À volta do tema do sexo existe uma controvérsia, que dificulta o diagnóstico e o tratamento, que gira em torno da moralidade, do tabu e do prazer. Por outro lado, o sexo é uma fonte natural de prazer, tal como comer, nesse sentido, quando falamos de adicção ao sexo o assunto torna-se mais complexo. Segundo alguns especialistas, consideram que a adicção ao sexo não é um problema moral, é uma doença , mas que é possível ser tratada. Ao contrario da dependência com substâncias psicoactivas lícitas e/ou ilícitas, vulgo drogas, a adicção ao sexo manifesta-se através do comportamento, eventos e processos, que culminam em práticas intensas e alteradoras do humor que se tornam o centro (foco) da vida do individuo. Progressivamente, o individuo vai perdendo a capacidade de auto critica e distorce a realidade através de fantasias poderosas reforçadas por segredos e vidas duplas repletas de vergonha. 

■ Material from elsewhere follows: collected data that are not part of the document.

theorem theorem2:
  fixes n k :: nat and E :: "nat \<Rightarrow> nat \<Rightarrow> bool"
  assumes "k \<le> n"
    and "simple_graph n E"
    and "degenerate k n E"
    and "\<not> graph_iso n E (S_graph n k)"
  shows "q_index n E < q_index n (S_graph n k)"
proof -
  note simple = assms(2)
  have nontrivial: "k \<noteq> 0 \<and> 1 < n"
    using graph_iso_S_graph_if_edgeless[OF simple assms(3)] assms(4) by (metis not_le)
  show ?thesis
  proof (cases "k = n")
    case True
    interpret degenerate_graph n "n - 1" E
      using simple degenerate_order_minus_one[OF simple] nontrivial by unfold_locales auto
    show ?thesis
      using q_index_less_q_index_S_graph assms(4) unfolding True S_graph_order by blast
  next
    case False
    interpret degenerate_graph n k E
      using simple assms(1,3) nontrivial False by unfold_locales auto
    show ?thesis by (rule q_index_less_q_index_S_graph[OF assms(4)])
  qed
qed

end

Segundo o Dr. Patrick Carnes, refere o “Círculo da Adicção” através de quatro fases: a 1.Preocupação – progressivamente a mente do adicto fica focada em fantasias sobre o sexo. É uma fonte intensa de pensamentos obsessivos que serve o estímulo sexual. 2.Ritualização – o individuo desenvolve rotinas e hábitos que intensificam a preocupação e aumentam a excitação sexual. 3.Comportamento sexual compulsivo – é o acto sexual em que o individuo é incapaz de controlar o seu comportamento. Representa o final das fases da Preocupação e da Ritualização. 4.Desespero e angústia- É o confronto com a perda do controlo e o fim das fantasias intensas alteradoras do humor. Sentimento de desespero. Quando atingem esta fase muitos adictos fazem promessas a si próprios, que nunca mais retomam o comportamento problema, na maioria dos casos sem sucesso, visto passados uns dias ou horas, reiniciarem novamente o circulo através da Preocupação.

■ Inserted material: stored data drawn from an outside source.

(* Consider the alternating procedure defined in the context, run for $T_r$ rounds. Then: (i) For every round $1 \le r < T_r$, $$R_{\hat{\boldsymbol{e}}^{(r+1)}}\big(\theta^{(r+1)}, \boldsymbol{\phi}^{(r+1)}\big) \le R_{\hat{\boldsymbol{e}}^{(r)}}\big(\theta^{(r)}, \boldsymbol{\phi}^{(r)}\big).$$ (ii) Suppose in addition that for every assignment $\hat{\boldsymbol{e}} \in [M]^N$ the set $\arg\min_{\theta, \boldsymbol{\phi}} R_{\hat{\boldsymbol{e}}}(\theta, \boldsymbol{\phi})$ is finite. Then there exists a constant $C > 0$ (depending only on the data $x^1,\dots,x^N$, on $h$, $\Omega$, $\lambda$, $M$, $N$, and not on $r$) such that for every round $r$ with $1 < r < T_r$, if $$R_{\hat{\boldsymbol{e}}^{(r+1)}}\big(\theta^{(r+1)}, \boldsymbol{\phi}^{(r+1)}\big) < R_{\hat{\boldsymbol{e}}^{(r)}}\big(\theta^{(r)}, \boldsymbol{\phi}^{(r)}\big),$$ then $$R_{\hat{\boldsymbol{e}}^{(r+1)}}\big(\theta^{(r+1)}, \boldsymbol{\phi}^{(r+1)}\big) \le R_{\hat{\boldsymbol{e}}^{(r)}}\big(\theta^{(r)}, \boldsymbol{\phi}^{(r)}\big) - C.$$
   Context: Setting. Let $I=[0,T]$ be a time interval and let $x^1,\dots,x^N$ be $N$ differentiable trajectories $x^i : I \to \mathcal{A}$ (state space $\mathcal{A}$ a subset of $\mathbb{R}^d$ or a space of vector fields on a bounded spatial domain). Fix an integer $M \ge 1$ (number of assumed environments), write $[M]=\{1,\dots,M\}$. A parameterized model $h(x;\theta,\phi)$ maps a state $x$, a global parameter $\theta$ and an environment-specific parameter $\phi$ to a tangent vector; $\boldsymbol{\phi}=\{\phi_e\}_{e\in[M]}$ denotes a family of environment-specific parameters. Let $\Omega$ be a real-valued regularizer on environment-specific parameters and $\lambda \ge 0$. Per-trajectory loss: for $i\in[N]$, $e\in[M]$, $$L_i(\theta,\phi_e) = \int_{I} \Big\| \frac{dx^i_t}{dt} - h(x^i_t;\theta,\phi_e)\Big\|_2^2\,dt,$$ assumed finite for all parameters. Objective: for an environment assignment $\hat{\boldsymbol{e}} = (\hat e_1,\dots,\hat e_N) \in [M]^N$, $$R_{\hat{\boldsymbol{e}}}(\theta,\boldsymbol{\phi}) = \sum_{i=1}^N L_i(\theta,\phi_{\hat e_i}) + \lambda \sum_{e=1}^M \Omega(\phi_e).$$ It is assumed that for every $\hat{\boldsymbol{e}}\in[M]^N$ the minimum of $R_{\hat{\boldsymbol{e}}}$ over $(\theta,\boldsymbol{\phi})$ is attained. Algorithm (alternating optimization). Start from arbitrary initial parameters $\theta^{(0)},\boldsymbol{\phi}^{(0)}$ and an arbitrary $\hat{\boldsymbol{e}}^{(0)}\in[M]^N$. For rounds $r=1,2,\dots,T_r$: 1. Assignment step: for each $i\in[N]$, choose $\hat e_i^{(r)} \in \arg\min_{e\in[M]} L_i\big(\theta^{(r-1)},\phi_e^{(r-1)}\big)$, with the tie-breaking rule that if $\hat e_i^{(r-1)}$ belongs to this argmin set then $\hat e_i^{(r)} = \hat e_i^{(r-1)}$. 2. Parameter step: choose $(\theta^{(r)},\boldsymbol{\phi}^{(r)}) \in \arg\min_{\theta,\boldsymbol{\phi}} R_{\hat{\boldsymbol{e}}^{(r)}}(\theta,\boldsymbol{\phi})$ (an exact global minimizer; any one if several). *)

theory Defs
  imports "HOL-Analysis.Analysis"
begin

definition traj_loss ::
  "real \<Rightarrow> (real \<Rightarrow> 'a::real_normed_vector) \<Rightarrow> ('a \<Rightarrow> 'p \<Rightarrow> 'q \<Rightarrow> 'a) \<Rightarrow> 'p \<Rightarrow> 'q \<Rightarrow> real"
  where "traj_loss T x h \<theta> \<phi> =
    integral {0..T} (\<lambda>t. (norm (vector_derivative x (at t within {0..T}) - h (x t) \<theta> \<phi>))\<^sup>2)"

definition objective ::
  "real \<Rightarrow> nat \<Rightarrow> nat \<Rightarrow> (nat \<Rightarrow> real \<Rightarrow> 'a::real_normed_vector) \<Rightarrow> ('a \<Rightarrow> 'p \<Rightarrow> 'q \<Rightarrow> 'a)
     \<Rightarrow> ('q \<Rightarrow> real) \<Rightarrow> real \<Rightarrow> (nat \<Rightarrow> nat) \<Rightarrow> 'p \<Rightarrow> (nat \<Rightarrow> 'q) \<Rightarrow> real"
  where "objective T N M x h \<Omega> lam e \<theta> \<phi> =
    (\<Sum>i=1..N. traj_loss T (x i) h \<theta> (\<phi> (e i))) + lam * (\<Sum>k=1..M. \<Omega> (\<phi> k))"

definition param_space :: "nat \<Rightarrow> ('p \<times> (nat \<Rightarrow> 'q)) set"
  where "param_space M = {(\<theta>, \<phi>). \<phi> \<in> extensional {1..M}}"

definition argmin_R ::
  "real \<Rightarrow> nat \<Rightarrow> nat \<Rightarrow> (nat \<Rightarrow> real \<Rightarrow> 'a::real_normed_vector) \<Rightarrow> ('a \<Rightarrow> 'p \<Rightarrow> 'q \<Rightarrow> 'a)
     \<Rightarrow> ('q \<Rightarrow> real) \<Rightarrow> real \<Rightarrow> (nat \<Rightarrow> nat) \<Rightarrow> ('p \<times> (nat \<Rightarrow> 'q)) set"
  where "argmin_R T N M x h \<Omega> lam e =
    {p \<in> param_space M. \<forall>q \<in> param_space M.
       objective T N M x h \<Omega> lam e (fst p) (snd p) \<le> objective T N M x h \<Omega> lam e (fst q) (snd q)}"

text \<open>A run of the alternating optimisation for Tr rounds:
  th r, ph r, es r are theta^(r), phi^(r), e-hat^(r) for r = 0..Tr.\<close>
definition alt_run ::
  "real \<Rightarrow> nat \<Rightarrow> nat \<Rightarrow> (nat \<Rightarrow> real \<Rightarrow> 'a::real_normed_vector) \<Rightarrow> ('a \<Rightarrow> 'p \<Rightarrow> 'q \<Rightarrow> 'a)
     \<Rightarrow> ('q \<Rightarrow> real) \<Rightarrow> real \<Rightarrow> nat
     \<Rightarrow> (nat \<Rightarrow> 'p) \<Rightarrow> (nat \<Rightarrow> nat \<Rightarrow> 'q) \<Rightarrow> (nat \<Rightarrow> nat \<Rightarrow> nat) \<Rightarrow> bool"
  where "alt_run T N M x h \<Omega> lam Tr th ph es \<longleftrightarrow>
    (\<forall>i\<in>{1..N}. es 0 i \<in> {1..M}) \<and>
    (\<forall>r\<in>{1..Tr}. \<forall>i\<in>{1..N}.
        es r i \<in> {1..M} \<and>
        (\<forall>k\<in>{1..M}. traj_loss T (x i) h (th (r-1)) (ph (r-1) (es r i))
                      \<le> traj_loss T (x i) h (th (r-1)) (ph (r-1) k)) \<and>
        ((\<forall>k\<in>{1..M}. traj_loss T (x i) h (th (r-1)) (ph (r-1) (es (r-1) i))
                      \<le> traj_loss T (x i) h (th (r-1)) (ph (r-1) k))
           \<longrightarrow> es r i = es (r-1) i)) \<and>
    (\<forall>r\<in>{1..Tr}. (th r, ph r) \<in> argmin_R T N M x h \<Omega> lam (es r))"

end

theory Submission
  imports Defs
begin

text \<open>Each round first reassigns every trajectory to an environment of minimal loss under the
  current parameters, which cannot increase the objective, and then globally minimises the new
  objective, which cannot increase it either. All global minimisers of a fixed R_e share one
  value, so after the first round the objective only takes values in the finite set of these
  minimal values, one per assignment in [M]^N; a strict decrease is therefore at least the
  smallest positive gap in that set.\<close>

lemma finite_imp_uniform_gap:
  fixes V :: "'a::linordered_idom set"
  assumes "finite V"
  shows "\<exists>C>0. \<forall>a\<in>V. \<forall>b\<in>V. b < a \<longrightarrow> b \<le> a - C"
proof -
  define D where "D = {a - b | a b. a \<in> V \<and> b \<in> V \<and> b < a}"
  have "D \<subseteq> (\<lambda>(a, b). a - b) ` (V \<times> V)"
    unfolding D_def by auto
  then have "finite D"
    using assms finite_subset by blast
  show ?thesis
  proof (cases "D = {}")
    case True
    then show ?thesis
      unfolding D_def by (intro exI[of _ 1]) auto
  next
    case False
    have "Min D \<in> D"
      using False \<open>finite D\<close> by simp
    then have "Min D > 0"
      unfolding D_def by auto
    moreover have "Min D \<le> a - b" if "a \<in> V" "b \<in> V" "b < a" for a b
      using that \<open>finite D\<close> unfolding D_def by (intro Min_le) auto
    ultimately show ?thesis
      by (intro exI[of _ "Min D"]) (auto simp: algebra_simps)
  qed
qed

lemma objective_restrict:
  "objective T N M x h \<Omega> lam (restrict e {1..N}) = objective T N M x h \<Omega> lam e"
  unfolding objective_def by (intro ext) (auto intro!: sum.cong)

lemma argmin_R_restrict:
  "argmin_R T N M x h \<Omega> lam (restrict e {1..N}) = argmin_R T N M x h \<Omega> lam e"
  unfolding argmin_R_def objective_restrict ..

lemma objective_argmin_R_eq:
  assumes "p \<in> argmin_R T N M x h \<Omega> lam e" and "q \<in> argmin_R T N M x h \<Omega> lam e"
  shows "objective T N M x h \<Omega> lam e (fst p) (snd p) = objective T N M x h \<Omega> lam e (fst q) (snd q)"
  using assms unfolding argmin_R_def by (auto intro: order.antisym)

lemma objective_le_argmin_R:
  assumes "p \<in> argmin_R T N M x h \<Omega> lam e" and "q \<in> param_space M"
  shows "objective T N M x h \<Omega> lam e (fst p) (snd p) \<le> objective T N M x h \<Omega> lam e (fst q) (snd q)"
  using assms unfolding argmin_R_def by blast

lemma objective_mono_assignment:
  assumes "\<And>i. i \<in> {1..N} \<Longrightarrow> traj_loss T (x i) h \<theta> (\<phi> (e' i)) \<le> traj_loss T (x i) h \<theta> (\<phi> (e i))"
  shows "objective T N M x h \<Omega> lam e' \<theta> \<phi> \<le> objective T N M x h \<Omega> lam e \<theta> \<phi>"
  unfolding objective_def using assms by (intro add_right_mono sum_mono) auto

definition minimal_objective_values ::
  "real \<Rightarrow> nat \<Rightarrow> nat \<Rightarrow> (nat \<Rightarrow> real \<Rightarrow> 'a::real_normed_vector) \<Rightarrow> ('a \<Rightarrow> 'p \<Rightarrow> 'q \<Rightarrow> 'a)
     \<Rightarrow> ('q \<Rightarrow> real) \<Rightarrow> real \<Rightarrow> real set"
  where "minimal_objective_values T N M x h \<Omega> lam =
    (\<Union>e \<in> {1..N} \<rightarrow>\<^sub>E {1..M}.
       (\<lambda>p. objective T N M x h \<Omega> lam e (fst p) (snd p)) ` argmin_R T N M x h \<Omega> lam e)"

lemma finite_minimal_objective_values: "finite (minimal_objective_values T N M x h \<Omega> lam)"
proof -
  have "finite ((\<lambda>p. objective T N M x h \<Omega> lam e (fst p) (snd p)) ` argmin_R T N M x h \<Omega> lam e)"
    for e
  proof (cases "argmin_R T N M x h \<Omega> lam e = {}")
    case False
    then obtain p where "p \<in> argmin_R T N M x h \<Omega> lam e"
      by blast
    then have "(\<lambda>p. objective T N M x h \<Omega> lam e (fst p) (snd p)) ` argmin_R T N M x h \<Omega> lam e
               \<subseteq> {objective T N M x h \<Omega> lam e (fst p) (snd p)}"
      using objective_argmin_R_eq by blast
    then show ?thesis
      using finite_subset by blast
  qed simp
  then show ?thesis
    unfolding minimal_objective_values_def by (intro finite_UN_I finite_PiE) auto
qed

lemma alt_run_argmin_R:
  assumes "alt_run T N M x h \<Omega> lam Tr th ph es" and "r \<in> {1..Tr}"
  shows "(th r, ph r) \<in> argmin_R T N M x h \<Omega> lam (es r)"
  using assms unfolding alt_run_def by blast

lemma alt_run_assignment_range:
  assumes "alt_run T N M x h \<Omega> lam Tr th ph es" and "r \<le> Tr" and "i \<in> {1..N}"
  shows "es r i \<in> {1..M}"
  using assms unfolding alt_run_def by (cases r) auto

lemma alt_run_assignment_minimal:
  assumes "alt_run T N M x h \<Omega> lam Tr th ph es" and "r < Tr" and "i \<in> {1..N}" and "k \<in> {1..M}"
  shows "traj_loss T (x i) h (th r) (ph r (es (Suc r) i)) \<le> traj_loss T (x i) h (th r) (ph r k)"
proof -
  have "Suc r \<in> {1..Tr}"
    using assms(2) by simp
  then show ?thesis
    using assms(1,3,4) unfolding alt_run_def by fastforce
qed

lemma alt_run_objective_decreasing:
  assumes run: "alt_run T N M x h \<Omega> lam Tr th ph es" and "1 \<le> r" and "r < Tr"
  shows "objective T N M x h \<Omega> lam (es (Suc r)) (th (Suc r)) (ph (Suc r))
           \<le> objective T N M x h \<Omega> lam (es r) (th r) (ph r)"
proof -
  have "r \<in> {1..Tr}" and "Suc r \<in> {1..Tr}"
    using assms(2,3) by auto
  have "(th r, ph r) \<in> param_space M"
    using alt_run_argmin_R[OF run \<open>r \<in> {1..Tr}\<close>] unfolding argmin_R_def by auto
  from objective_le_argmin_R[OF alt_run_argmin_R[OF run \<open>Suc r \<in> {1..Tr}\<close>] this]
  have "objective T N M x h \<Omega> lam (es (Suc r)) (th (Suc r)) (ph (Suc r))
          \<le> objective T N M x h \<Omega> lam (es (Suc r)) (th r) (ph r)"
    by simp
  also have "\<dots> \<le> objective T N M x h \<Omega> lam (es r) (th r) (ph r)"
    using assms(3) by (intro objective_mono_assignment alt_run_assignment_minimal[OF run]
        alt_run_assignment_range[OF run]) auto
  finally show ?thesis .
qed

lemma alt_run_objective_in_minimal_values:
  assumes run: "alt_run T N M x h \<Omega> lam Tr th ph es" and "r \<in> {1..Tr}"
  shows "objective T N M x h \<Omega> lam (es r) (th r) (ph r) \<in> minimal_objective_values T N M x h \<Omega> lam"
proof -
  let ?e = "restrict (es r) {1..N}"
  have "?e \<in> {1..N} \<rightarrow>\<^sub>E {1..M}"
    using alt_run_assignment_range[OF run] assms(2) by auto
  moreover have "(th r, ph r) \<in> argmin_R T N M x h \<Omega> lam ?e"
    unfolding argmin_R_restrict using alt_run_argmin_R[OF assms] .
  ultimately show ?thesis
    unfolding minimal_objective_values_def objective_restrict[symmetric, of _ _ _ _ _ _ _ "es r"]
    by force
qed

theorem proposition1:
  fixes T :: real and N M :: nat
    and x :: "nat \<Rightarrow> real \<Rightarrow> 'a::real_inner"
    and h :: "'a \<Rightarrow> 'p \<Rightarrow> 'q \<Rightarrow> 'a"
    and \<Omega> :: "'q \<Rightarrow> real" and lam :: real
  assumes "T > 0" and "N \<ge> 1" and "M \<ge> 1" and "lam \<ge> 0"
    and diff: "\<forall>i\<in>{1..N}. \<forall>t\<in>{0..T}. x i differentiable (at t within {0..T})"
    and finite_loss: "\<forall>i\<in>{1..N}. \<forall>\<theta> \<phi>.
        (\<lambda>t. (norm (vector_derivative (x i) (at t within {0..T}) - h (x i t) \<theta> \<phi>))\<^sup>2)
          integrable_on {0..T}"
    and attained: "\<forall>e\<in>{1..N} \<rightarrow> {1..M}. argmin_R T N M x h \<Omega> lam e \<noteq> {}"
  shows
    "(\<forall>Tr th ph es. alt_run T N M x h \<Omega> lam Tr th ph es \<longrightarrow>
        (\<forall>r. 1 \<le> r \<and> r < Tr \<longrightarrow>
           objective T N M x h \<Omega> lam (es (r+1)) (th (r+1)) (ph (r+1))
             \<le> objective T N M x h \<Omega> lam (es r) (th r) (ph r)))
     \<and>
     ((\<forall>e\<in>{1..N} \<rightarrow> {1..M}. finite (argmin_R T N M x h \<Omega> lam e)) \<longrightarrow>
      (\<exists>C>0. \<forall>Tr th ph es. alt_run T N M x h \<Omega> lam Tr th ph es \<longrightarrow>
        (\<forall>r. 1 < r \<and> r < Tr \<and>
           objective T N M x h \<Omega> lam (es (r+1)) (th (r+1)) (ph (r+1))
             < objective T N M x h \<Omega> lam (es r) (th r) (ph r) \<longrightarrow>
           objective T N M x h \<Omega> lam (es (r+1)) (th (r+1)) (ph (r+1))
             \<le> objective T N M x h \<Omega> lam (es r) (th r) (ph r) - C)))"
proof -
  obtain C where "C > 0" and gap: "\<And>a b. a \<in> minimal_objective_values T N M x h \<Omega> lam \<Longrightarrow>
      b \<in> minimal_objective_values T N M x h \<Omega> lam \<Longrightarrow> b < a \<Longrightarrow> b \<le> a - C"
    using finite_imp_uniform_gap[OF finite_minimal_objective_values[of T N M x h \<Omega> lam]] by blast
  have "objective T N M x h \<Omega> lam (es (Suc r)) (th (Suc r)) (ph (Suc r))
          \<le> objective T N M x h \<Omega> lam (es r) (th r) (ph r) - C"
    if run: "alt_run T N M x h \<Omega> lam Tr th ph es" and "1 < r" "r < Tr"
      and "objective T N M x h \<Omega> lam (es (Suc r)) (th (Suc r)) (ph (Suc r))
             < objective T N M x h \<Omega> lam (es r) (th r) (ph r)" for Tr th ph es r
    using that by (intro gap alt_run_objective_in_minimal_values[OF run]) auto
  then show ?thesis
    using alt_run_objective_decreasing \<open>C > 0\<close> by auto
qed

end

Considero os grupos de ajuda mutua, dos 12 Passos, um recurso extremamente valioso na sociedade por vários motivos. Primeiro, porque funcionam, através dos vínculos de confiança as pessoas conseguem recuperar a dignidade e a estima necessária à motivação para a mudança. Segundo, é gratuito. Não existem profissionais e/ou compromissos financeiros e qualquer pessoa pode aderir, independentemente do estatuto social. Terceiro, a história sobre este tipo de grupos de ajuda mutua, desde 1935 nos EUA, e actualmente em todo o mundo, revela que as pessoas conseguem mudar de comportamento quando assumem a responsabilidade pelo seu comportamento problema e dedicam-se com paixão a entreajudar-se ao invés de serem tratadas como vítimas do estigma e da negação. Algumas pessoas que acompanho nas consultas também pertencem aos grupos dos 12 Passos. Devido à complexidade do tratamento da adicção, todos os recursos disponíveis na sociedade são bem vindos, desde que funcionem. É possível recuperar, um dia de cada vez.